Photo by Capt. Paul L. Greenberg

Civil Affairs Team helps spur local economy

29 Sep 2008 | Capt. Paul Greenberg

Marines from Civil Affairs Team 4, Detachment 1, 2nd Battalion, 11th Marine Regiment, Regimental Combat Team 5 inspected one of their crowning achievements Sept. 28: the renovation of a meat-processing facility in Rutbah.

An Iraqi town of about 17,000 in western al-Anbar province, Rutbah is situated on a key route between Baghdad and crossing points into Jordan and Syria, Iraq’s major trade neighbors.

Sgt. Jonatan Minier, 24, a CA Team 4 Marine from Tampa, Fla., explained that the meat-processing plant project became a priority after the team had already addressed some other serious issues in Rutbah.

“Our first concern was providing water, sewage services and electricity, as well as medical supplies for the Iraqi clinic,” said Minier.  “I think all these projects are stimulating the economy, because they are providing jobs to the people out in town.”

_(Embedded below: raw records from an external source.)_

lemma brset_lideal:
  assumes A: "lideal L A" and B: "lideal L B"
  shows "lideal L (brset L A B)"
proof -
  let ?AB = "brset L A B"
  have S: "lsubspace L ?AB" using A B by (intro brset_subspace lsubspace_subset lideal_subspace)
  have left: "brk x y \<in> ?AB" if x: "x \<in> C" and y: "y \<in> ?AB" for x y
  proof -
    have "lspan L {brk a b |a b. a \<in> A \<and> b \<in> B} \<subseteq> {z \<in> C. brk x z \<in> ?AB}"
    proof (rule lspan_least)
      show "lsubspace L {z \<in> C. brk x z \<in> ?AB}"
        using S x unfolding lsubspace_def by (auto simp: brk_add_right brk_scale_right)
      show "{brk a b |a b. a \<in> A \<and> b \<in> B} \<subseteq> {z \<in> C. brk x z \<in> ?AB}"
      proof clarify
        fix a b assume ab: "a \<in> A" "b \<in> B"
        then have "a \<in> C" "b \<in> C" using A B lsubspace_subset lideal_subspace by blast+
        then show "brk a b \<in> C \<and> brk x (brk a b) \<in> ?AB" using brk_brk_in_brset[OF A B x ab] by simp
      qed
    qed
    then show ?thesis using y unfolding brset_def by blast
  qed
  have "brk y x \<in> ?AB" if "x \<in> C" "y \<in> ?AB" for x y
    using left[OF that] brk_anticomm[OF that(1)] lsubspace_subset[OF S] that lsubspace_scale[OF S]
    by auto
  with left S show ?thesis unfolding lideal_def by blast
qed

lemma lcs_lideal: "lideal L (lcs L k)"
proof (induction k)
  case (Suc n)
  then show ?case using lideal_carrier brset_lideal[OF lideal_carrier Suc.IH] by simp
qed (simp add: lideal_carrier)

lemma lcs_subset: "lcs L k \<subseteq> C"
  using lcs_lideal lideal_subspace lsubspace_subset by blast

lemma lcs_two: "lcs L 2 = brset L C C"
  by (simp add: numeral_2_eq_2)

end

section \<open>The free Lie algebra and its quotients\<close>

type_synonym 'k free_lie_elem = "(magma \<Rightarrow> 'k) set"
type_synonym 'k F_elem = "(magma \<Rightarrow> 'k) set set"
type_synonym 'k M_elem = "(magma \<Rightarrow> 'k) set set set"

lemma mag_mult_nonzero: "mag_mult p q t \<noteq> 0 \<Longrightarrow> \<exists>a b. t = Mul a b \<and> p a \<noteq> 0 \<and> q b \<noteq> 0"
  by (cases t) (auto simp: mag_mult_def)

lemma bilinear_alg_free_mag: "bilinear_alg (free_mag g :: (magma \<Rightarrow> 'k::field, 'k) lie_alg)"
proof
  fix x y :: "magma \<Rightarrow> 'k" assume x: "x \<in> la_carrier (free_mag g)" and y: "y \<in> la_carrier (free_mag g)"
  have fx: "finite {t. x t \<noteq> 0}" and fy: "finite {t. y t \<noteq> 0}" using x y by (auto simp: free_mag_def)
  have "{t. x t + y t \<noteq> 0} \<subseteq> {t. x t \<noteq> 0} \<union> {t. y t \<noteq> 0}" by auto
  then have "finite {t. x t + y t \<noteq> 0}" using fx fy finite_subset by blast
  moreover have "mgens t \<subseteq> {..<g}" if "x t + y t \<noteq> 0" for t
    using that x y by (cases "x t = 0") (auto simp: free_mag_def)
  ultimately show "la_add (free_mag g) x y \<in> la_carrier (free_mag g)" by (simp add: free_mag_def)
  have "{t. mag_mult x y t \<noteq> 0} \<subseteq> (\<lambda>(a, b). Mul a b) ` ({t. x t \<noteq> 0} \<times> {t. y t \<noteq> 0})"
    using mag_mult_nonzero by fastforce
  then have "finite {t. mag_mult x y t \<noteq> 0}" using fx fy finite_subset by blast
  moreover have "mgens t \<subseteq> {..<g}" if nz: "mag_mult x y t \<noteq> 0" for t
  proof -
    obtain a b where "t = Mul a b" "x a \<noteq> 0" "y b \<noteq> 0" using mag_mult_nonzero[OF nz] by blast
    then show ?thesis using x y by (auto simp: free_mag_def)
  qed
  ultimately show "la_brk (free_mag g) x y \<in> la_carrier (free_mag g)" by (simp add: free_mag_def)
next
  fix x :: "magma \<Rightarrow> 'k" and a :: 'k assume x: "x \<in> la_carrier (free_mag g)"
  have "{t. a * x t \<noteq> 0} \<subseteq> {t. x t \<noteq> 0}" by auto
  then show "la_smult (free_mag g) a x \<in> la_carrier (free_mag g)"
    using x by (auto simp: free_mag_def intro: finite_subset)
qed (auto simp: free_mag_def mag_mult_def fun_eq_iff algebra_simps split: magma.split)

definition monom :: "magma \<Rightarrow> magma \<Rightarrow> 'k::field" where
  "monom t = (\<lambda>s. if s = t then 1 else 0)"

lemma monom_mem: "mgens t \<subseteq> {..<g} \<Longrightarrow> (monom t :: magma \<Rightarrow> 'k::field) \<in> la_carrier (free_mag g)"
  by (simp add: free_mag_def monom_def)

lemma monom_Mul: "monom (Mul a b) = mag_mult (monom a) (monom b)"
  by (auto simp: monom_def mag_mult_def fun_eq_iff split: magma.split)

lemma free_mag_subspace_mem:
  fixes p :: "magma \<Rightarrow> 'k::field"
  assumes W: "lsubspace (free_mag g) W" and p: "p \<in> la_carrier (free_mag g)"
    and monoms: "\<And>t. p t \<noteq> 0 \<Longrightarrow> monom t \<in> W"
  shows "p \<in> W"
proof -
  interpret bilinear_alg "free_mag g :: (magma \<Rightarrow> 'k, 'k) lie_alg" by (rule bilinear_alg_free_mag)
  have "finite {t. p t \<noteq> 0}" using p by (simp add: free_mag_def)
  then show ?thesis using p monoms
  proof (induction "{t. p t \<noteq> 0}" arbitrary: p rule: finite_induct)
    case empty
    then have "p = vzero" by (auto simp: free_mag_def fun_eq_iff)
    then show ?case using lsubspace_zero[OF W] by simp
  next
    case (insert s S)
    let ?p' = "p(s := 0)"
    have p': "?p' \<in> W"
    proof (rule insert.hyps(3))
      show "S = {t. ?p' t \<noteq> 0}" using insert.hyps(2,4) by auto
      show "?p' \<in> C" using insert.prems(1) insert.hyps(1,4)
        by (auto simp: free_mag_def elim: finite_subset[rotated])
      show "monom t \<in> W" if "?p' t \<noteq> 0" for t
        using that insert.prems(2) by (cases "t = s") auto
    qed
    have s: "vscale (p s) (monom s) \<in> W"
      using insert.hyps(4) insert.prems(2) by (intro lsubspace_scale[OF W]) auto
    have "vadd (vscale (p s) (monom s)) ?p' = p"
      by (simp add: free_mag_def monom_def fun_eq_iff)
    then show ?case using lsubspace_add[OF W s p'] by simp
  qed
qed

definition lie_rel_ideal :: "nat \<Rightarrow> (magma \<Rightarrow> 'k::field) set" where
  "lie_rel_ideal g = ideal_gen (free_mag g) (lie_relations g)"

lemma lie_relations_subset: "lie_relations g \<subseteq> la_carrier (free_mag g :: (magma \<Rightarrow> 'k::field, 'k) lie_alg)"
proof -
  interpret bilinear_alg "free_mag g :: (magma \<Rightarrow> 'k::field, 'k) lie_alg" by (rule bilinear_alg_free_mag)
  show ?thesis unfolding lie_relations_def Let_def by auto
qed

lemma lideal_lie_rel_ideal: "lideal (free_mag g) (lie_rel_ideal g :: (magma \<Rightarrow> 'k::field) set)"
  unfolding lie_rel_ideal_def
  by (rule bilinear_alg.ideal_gen_lideal[OF bilinear_alg_free_mag lie_relations_subset])

lemma free_lie_quot: "free_lie g = quot (free_mag g) (lie_rel_ideal g)"
  by (simp add: free_lie_def lie_rel_ideal_def)

lemma lie_algebra_free_lie: "lie_algebra (free_lie g :: ('k::field free_lie_elem, 'k) lie_alg)"
proof -
  interpret bilinear_alg "free_mag g :: (magma \<Rightarrow> 'k, 'k) lie_alg" by (rule bilinear_alg_free_mag)
  have rel: "r \<in> lie_rel_ideal g" if "r \<in> lie_relations g" for r :: "magma \<Rightarrow> 'k"
    using that ideal_gen_superset unfolding lie_rel_ideal_def by blast
  show ?thesis
    unfolding free_lie_quot
  proof (rule lie_algebra_quot[OF lideal_lie_rel_ideal])
    fix x assume "x \<in> C"
    then show "brk x x \<in> lie_rel_ideal g"
      by (intro rel) (unfold lie_relations_def Let_def, blast)
  next
    fix x y z assume "x \<in> C" "y \<in> C" "z \<in> C"
    then show "vadd (vadd (brk x (brk y z)) (brk y (brk z x))) (brk z (brk x y)) \<in> lie_rel_ideal g"
      by (intro rel) (unfold lie_relations_def Let_def, blast)
  qed
qed

definition nilp_ideal :: "nat \<Rightarrow> nat \<Rightarrow> 'k::field F_elem" where
  "nilp_ideal g c = lcs (free_lie g) (c + 1)"

definition metab_ideal :: "nat \<Rightarrow> nat \<Rightarrow> 'k::field M_elem" where
  "metab_ideal g c = brset (F_gc g c) (lcs (F_gc g c) 2) (lcs (F_gc g c) 2)"

lemma F_gc_quot: "F_gc g c = quot (free_lie g) (nilp_ideal g c)"
  by (simp add: F_gc_def nilp_ideal_def)

lemma M_gc_quot: "M_gc g c = quot (F_gc g c) (metab_ideal g c)"
  by (simp add: M_gc_def metab_ideal_def Let_def)

lemma bilinear_alg_free_lie: "bilinear_alg (free_lie g :: ('k::field free_lie_elem, 'k) lie_alg)"
  using lie_algebra_free_lie lie_algebra.axioms(1) by blast

lemma lideal_nilp_ideal: "lideal (free_lie g) (nilp_ideal g c :: 'k::field F_elem)"
  unfolding nilp_ideal_def by (rule lie_algebra.lcs_lideal[OF lie_algebra_free_lie])

lemma lie_algebra_F_gc: "lie_algebra (F_gc g c :: ('k::field F_elem, 'k) lie_alg)"
  unfolding F_gc_quot
  by (rule lie_algebra.lie_algebra_quot_ideal[OF lie_algebra_free_lie lideal_nilp_ideal])

lemma bilinear_alg_F_gc: "bilinear_alg (F_gc g c :: ('k::field F_elem, 'k) lie_alg)"
  using lie_algebra_F_gc lie_algebra.axioms(1) by blast

lemma lideal_metab_ideal: "lideal (F_gc g c) (metab_ideal g c :: 'k::field M_elem)"
proof -
  interpret lie_algebra "F_gc g c :: ('k F_elem, 'k) lie_alg" by (rule lie_algebra_F_gc)
  show ?thesis unfolding metab_ideal_def by (intro brset_lideal lcs_lideal)
qed

lemma lie_algebra_M_gc: "lie_algebra (M_gc g c :: ('k::field M_elem, 'k) lie_alg)"
  unfolding M_gc_quot
  by (rule lie_algebra.lie_algebra_quot_ideal[OF lie_algebra_F_gc lideal_metab_ideal])

lemma bilinear_alg_M_gc: "bilinear_alg (M_gc g c :: ('k::field M_elem, 'k) lie_alg)"
  using lie_algebra_M_gc lie_algebra.axioms(1) by blast

definition proj_F :: "nat \<Rightarrow> nat \<Rightarrow> (magma \<Rightarrow> 'k::field) \<Rightarrow> 'k F_elem" where
  "proj_F g c p = coset (free_lie g) (nilp_ideal g c) (coset (free_mag g) (lie_rel_ideal g) p)"

definition proj_M :: "nat \<Rightarrow> nat \<Rightarrow> (magma \<Rightarrow> 'k::field) \<Rightarrow> 'k M_elem" where
  "proj_M g c p = coset (F_gc g c) (metab_ideal g c) (proj_F g c p)"

lemma proj_F_hom: "alg_hom (free_mag g) (F_gc g c) (proj_F g c :: _ \<Rightarrow> 'k::field F_elem)"
proof -
  have "proj_F g c = coset (free_lie g) (nilp_ideal g c) \<circ> coset (free_mag g) (lie_rel_ideal g)"
    by (simp add: proj_F_def fun_eq_iff)
  then show ?thesis
    using alg_hom_comp[OF
        bilinear_alg.coset_hom[OF bilinear_alg_free_mag lideal_lie_rel_ideal, folded free_lie_quot]
        bilinear_alg.coset_hom[OF bilinear_alg_free_lie lideal_nilp_ideal, folded F_gc_quot]]
    by metis
qed

lemma proj_M_hom: "alg_hom (free_mag g) (M_gc g c) (proj_M g c :: _ \<Rightarrow> 'k::field M_elem)"
proof -
  have "proj_M g c = coset (F_gc g c) (metab_ideal g c) \<circ> proj_F g c"
    by (simp add: proj_M_def fun_eq_iff)
  then show ?thesis
    using alg_hom_comp[OF proj_F_hom
        bilinear_alg.coset_hom[OF bilinear_alg_F_gc lideal_metab_ideal, folded M_gc_quot]]
    by metis
qed

lemma proj_M_onto:
  "proj_M g c ` la_carrier (free_mag g) = la_carrier (M_gc g c :: ('k::field M_elem, 'k) lie_alg)"
proof -
  have "proj_M g c ` la_carrier (free_mag g) =
      coset (F_gc g c) (metab_ideal g c) ` coset (free_lie g) (nilp_ideal g c) `
        coset (free_mag g) (lie_rel_ideal g) ` la_carrier (free_mag g)"
    by (simp add: proj_M_def proj_F_def image_image)
  also have "\<dots> = la_carrier (M_gc g c :: ('k M_elem, 'k) lie_alg)"
    by (simp add: bilinear_alg.coset_image[OF bilinear_alg_free_mag] free_lie_quot[symmetric]
        bilinear_alg.coset_image[OF bilinear_alg_free_lie] F_gc_quot[symmetric]
        bilinear_alg.coset_image[OF bilinear_alg_F_gc] M_gc_quot[symmetric])
  finally show ?thesis .
qed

1st Lt. Dan Alldridge, 25, from Bloomington, Ill. is the officer-in-charge of CA Team 4.  Supported by a crew of 10 Marines and one Navy corpsman, Alldridge spearheaded efforts and ensured all administrative steps were carried out to get the meat plant project off the ground.

The Rutbah city council presented the renovation idea to the CA Team in July, and the Marines then met with a special-projects committee from the city council to outline the scope of work.  Local Iraqi contractors were brought in to bid on the project, and a decision was made based on the contractors’ cost estimates and their professional reputations. 

Alldridge explained that the funding for the project came from the commander’s emergency response program, managed by the I Marine Expeditionary Force. 

Because the $92,000 price tag for the renovations exceeded the $50,000 ceiling for minor projects, it had to be personally approved by Maj. Gen. Martin Post, the I MEF deputy commanding general. 

“This really is a good use of the CERP funds,” said Alldridge.  “First off, it is an idea from the local government, and it is what the people want.  This project will directly benefit the populace, as this will be a consolidated place to bring their animals to slaughter.”

The processing plant has been closed for about 15 years, according to Hashim Mohammed Ali, the local contractor who won the bid for the work.  The citizens of Rutbah have been killing their animals in the street near the market and hanging the meat on hooks in the open air.  The blood and remains left in the street, as well as the meat left to rot in the heat, has created serious public health risks.  The new processing facility will address this issue when it is complete in the next few months.  Furthermore, it will also be a boon to the town’s economy.

“This will bring in a lot of jobs,” explained Alldridge.  “Veterinary staff will inspect the animals.  Butchers will be employed full-time to slaughter them.  Laborers will clean the place daily and remove remains.  Drivers will take meat from refrigerators to the market in refrigerated trucks.  That’s a lot of jobs for a city struggling with unemployment.”

Because of Rutbah’s location on a key thoroughfare through the country, the modern meat-processing plant may also attract much-needed outside business, as well.

Coalition forces turned over security responsibilities for Anbar province to Iraqis on Sept. 1.  The economic development of Rutbah, and many towns like it, will likely have key strategic implications in the future of the fledgling Iraqi democracy.